*** Task material Section Begins ***

(* Let $G=(\mathcal V,E)$ be a simple, connected, undirected graph with vertex set $\mathcal V=\{1,\dots,N\}$ and nonnegative edge weights $w_{ij}=w_{ji}$ ($w_{ii}=0$), degree matrix $\mathbf D=\mathrm{diag}(d_1,\dots,d_N)$ with $d_i=\sum_j w_{ij}$, adjacency matrix $\mathbf W=(w_{ij})$, and symmetric normalized Laplacian $\boldsymbol{\mathcal L}=\mathbf D^{-1/2}(\mathbf D-\mathbf W)\mathbf D^{-1/2}$. Fix an orthonormal eigenbasis $\mathbf u_1,\dots,\mathbf u_N$ of $\boldsymbol{\mathcal L}$ with eigenvalues $0=\lambda_1\le\dots\le\lambda_N$, and let $\mathbf U$ be the matrix with columns $\mathbf u_i$. For a signal $\phi\in\mathbb R^N$, $\phi\neq 0$, let its bandwidth be $\omega(\phi)=\max\{\lambda_i : \langle \phi,\mathbf u_i\rangle\neq 0\}$. For a nonempty subset $\mathcal S\subseteq\mathcal V$, define the cut-off frequency $\omega_c(\mathcal S)=\inf\{\omega(\phi): \phi\in\mathbb R^N\setminus\{0\},\ \phi(i)=0\ \forall i\in\mathcal S\}$ (with $\inf\emptyset=+\infty$), and let $\mathcal K=\{i:\lambda_i<\omega_c(\mathcal S)\}$. For $\theta\in\mathbb R$, let $\mathcal P_\theta=\sum_{i:\lambda_i<\theta}\mathbf u_i\mathbf u_i^T$ be the orthogonal projection onto the span of eigenvectors with eigenvalue less than $\theta$. Let $\mathbf f\in\mathbb R^N$ and $\delta>0$, and define the smoothness $\gamma(\mathbf f)=\min\{\theta : \|\mathbf f-\mathcal P_\theta\mathbf f\|\le\delta\}$. Let $p$ be the number of eigenvalues $\lambda_i$ of $\boldsymbol{\mathcal L}$ with $\lambda_i<\gamma(\mathbf f)$. For a sampling set $\mathcal S$, let $\hat{\mathbf f}=\mathbf U_{\mathcal V,\mathcal K}\boldsymbol\alpha^*$ where $\boldsymbol\alpha^*=\arg\min_{\boldsymbol\alpha}\|\mathbf U_{\mathcal S,\mathcal K}\boldsymbol\alpha-\mathbf f(\mathcal S)\|$ (here $\mathbf U_{A,B}$ is the submatrix of $\mathbf U$ with rows in $A$ and columns in $B$, and $\mathbf f(\mathcal S)$ is the restriction of $\mathbf f$ to $\mathcal S$), the least-squares problem being required to have a unique solution. Then every sampling set $\mathcal S$ whose reconstruction satisfies $\|\mathbf f-\hat{\mathbf f}\|\le\delta$ has $|\mathcal S|\ge p$; i.e., the minimum number of labels $l$ needed to achieve $\|\mathbf f-\hat{\mathbf f}\|\le\delta$ satisfies $l\ge p$.
   Context: A graph signal is a vector $\mathbf f\in\mathbb R^N$ indexed by the vertices; its Graph Fourier Transform is $\mathbf U^T\mathbf f$, and eigenvalues of $\boldsymbol{\mathcal L}$ play the role of frequencies. Sampling $\mathbf f$ on $\mathcal S$ (labeling the nodes in $\mathcal S$) means retaining $\mathbf f(\mathcal S)$, and $\hat{\mathbf f}$ is the bandlimited reconstruction of $\mathbf f$ from these samples using the eigenvectors with eigenvalue below the cut-off frequency of $\mathcal S$. *)

theory Defs
  imports "HOL-Analysis.Analysis"
begin

text \<open>Eigenvectors u k (k in V) with u k j the j-th entry, i.e. U j k = u k j; eigenvalues lam k.\<close>

definition verts :: "nat \<Rightarrow> nat set" where
  "verts N = {1..N}"

definition graph_connected :: "nat \<Rightarrow> (nat \<Rightarrow> nat \<Rightarrow> real) \<Rightarrow> bool" where
  "graph_connected N w \<longleftrightarrow>
     (\<forall>i\<in>verts N. \<forall>j\<in>verts N.
        (i, j) \<in> ({(a, b). a \<in> verts N \<and> b \<in> verts N \<and> w a b > 0})\<^sup>*)"

definition degree :: "nat \<Rightarrow> (nat \<Rightarrow> nat \<Rightarrow> real) \<Rightarrow> nat \<Rightarrow> real" where
  "degree N w i = (\<Sum>j\<in>verts N. w i j)"

definition norm_laplacian :: "nat \<Rightarrow> (nat \<Rightarrow> nat \<Rightarrow> real) \<Rightarrow> nat \<Rightarrow> nat \<Rightarrow> real" where
  "norm_laplacian N w i j =
     inverse (sqrt (degree N w i)) * ((if i = j then degree N w i else 0) - w i j)
       * inverse (sqrt (degree N w j))"

definition vinner :: "nat \<Rightarrow> (nat \<Rightarrow> real) \<Rightarrow> (nat \<Rightarrow> real) \<Rightarrow> real" where
  "vinner N x y = (\<Sum>j\<in>verts N. x j * y j)"

definition vnorm :: "nat \<Rightarrow> (nat \<Rightarrow> real) \<Rightarrow> real" where
  "vnorm N x = sqrt (vinner N x x)"

definition bandwidth :: "nat \<Rightarrow> (nat \<Rightarrow> nat \<Rightarrow> real) \<Rightarrow> (nat \<Rightarrow> real) \<Rightarrow> (nat \<Rightarrow> real) \<Rightarrow> real" where
  "bandwidth N u lam phi = Max {lam i | i. i \<in> verts N \<and> vinner N phi (u i) \<noteq> 0}"

text \<open>Cut-off frequency (with Inf of the empty set = +infinity, hence ereal).\<close>
definition cutoff_freq :: "nat \<Rightarrow> (nat \<Rightarrow> nat \<Rightarrow> real) \<Rightarrow> (nat \<Rightarrow> real) \<Rightarrow> nat set \<Rightarrow> ereal" where
  "cutoff_freq N u lam S =
     Inf {ereal (bandwidth N u lam phi) | phi.
            (\<exists>j\<in>verts N. phi j \<noteq> 0) \<and> (\<forall>i\<in>S. phi i = 0)}"

definition K_set :: "nat \<Rightarrow> (nat \<Rightarrow> nat \<Rightarrow> real) \<Rightarrow> (nat \<Rightarrow> real) \<Rightarrow> nat set \<Rightarrow> nat set" where
  "K_set N u lam S = {i \<in> verts N. ereal (lam i) < cutoff_freq N u lam S}"

definition proj :: "nat \<Rightarrow> (nat \<Rightarrow> nat \<Rightarrow> real) \<Rightarrow> (nat \<Rightarrow> real) \<Rightarrow> real \<Rightarrow> (nat \<Rightarrow> real) \<Rightarrow> nat \<Rightarrow> real" where
  "proj N u lam theta f = (\<lambda>j. \<Sum>i\<in>{i \<in> verts N. lam i < theta}. vinner N f (u i) * u i j)"

text \<open>Smoothness gamma(f): the "min" of the paper, taken as an infimum in the extended reals.\<close>
definition smoothness :: "nat \<Rightarrow> (nat \<Rightarrow> nat \<Rightarrow> real) \<Rightarrow> (nat \<Rightarrow> real) \<Rightarrow> real \<Rightarrow> (nat \<Rightarrow> real) \<Rightarrow> ereal" where
  "smoothness N u lam delta f =
     Inf {ereal theta | theta. vnorm N (\<lambda>j. f j - proj N u lam theta f j) \<le> delta}"

text \<open>Least-squares residual || U_{S,K} alpha - f(S) ||, alpha a vector indexed by K
  (represented as a function vanishing outside K).\<close>
definition ls_residual :: "(nat \<Rightarrow> nat \<Rightarrow> real) \<Rightarrow> nat set \<Rightarrow> nat set \<Rightarrow> (nat \<Rightarrow> real) \<Rightarrow> (nat \<Rightarrow> real) \<Rightarrow> real" where
  "ls_residual u K S f alpha = sqrt (\<Sum>s\<in>S. ((\<Sum>k\<in>K. u k s * alpha k) - f s)\<^sup>2)"

definition is_ls_solution :: "(nat \<Rightarrow> nat \<Rightarrow> real) \<Rightarrow> nat set \<Rightarrow> nat set \<Rightarrow> (nat \<Rightarrow> real) \<Rightarrow> (nat \<Rightarrow> real) \<Rightarrow> bool" where
  "is_ls_solution u K S f alpha \<longleftrightarrow>
     (\<forall>i. i \<notin> K \<longrightarrow> alpha i = 0) \<and>
     (\<forall>beta. (\<forall>i. i \<notin> K \<longrightarrow> beta i = 0) \<longrightarrow> ls_residual u K S f alpha \<le> ls_residual u K S f beta)"

definition reconstruction :: "(nat \<Rightarrow> nat \<Rightarrow> real) \<Rightarrow> nat set \<Rightarrow> (nat \<Rightarrow> real) \<Rightarrow> nat \<Rightarrow> real" where
  "reconstruction u K alpha = (\<lambda>j. \<Sum>k\<in>K. u k j * alpha k)"

end

theory Submission
  imports Defs
begin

*** Task material Section Ends ***

Instructions for the task:
Only the lines from the one containing "phi) | phi." through the one containing "text \<open>Smoothness gamma(f): the" are to be retyped, both boundary lines included, with no other material.

Answer to this exercise:
     Inf {ereal (bandwidth N u lam phi) | phi.
            (\<exists>j\<in>verts N. phi j \<noteq> 0) \<and> (\<forall>i\<in>S. phi i = 0)}"

definition K_set :: "nat \<Rightarrow> (nat \<Rightarrow> nat \<Rightarrow> real) \<Rightarrow> (nat \<Rightarrow> real) \<Rightarrow> nat set \<Rightarrow> nat set" where
  "K_set N u lam S = {i \<in> verts N. ereal (lam i) < cutoff_freq N u lam S}"

definition proj :: "nat \<Rightarrow> (nat \<Rightarrow> nat \<Rightarrow> real) \<Rightarrow> (nat \<Rightarrow> real) \<Rightarrow> real \<Rightarrow> (nat \<Rightarrow> real) \<Rightarrow> nat \<Rightarrow> real" where
  "proj N u lam theta f = (\<lambda>j. \<Sum>i\<in>{i \<in> verts N. lam i < theta}. vinner N f (u i) * u i j)"

text \<open>Smoothness gamma(f): the "min" of the paper, taken as an infimum in the extended reals.\<close>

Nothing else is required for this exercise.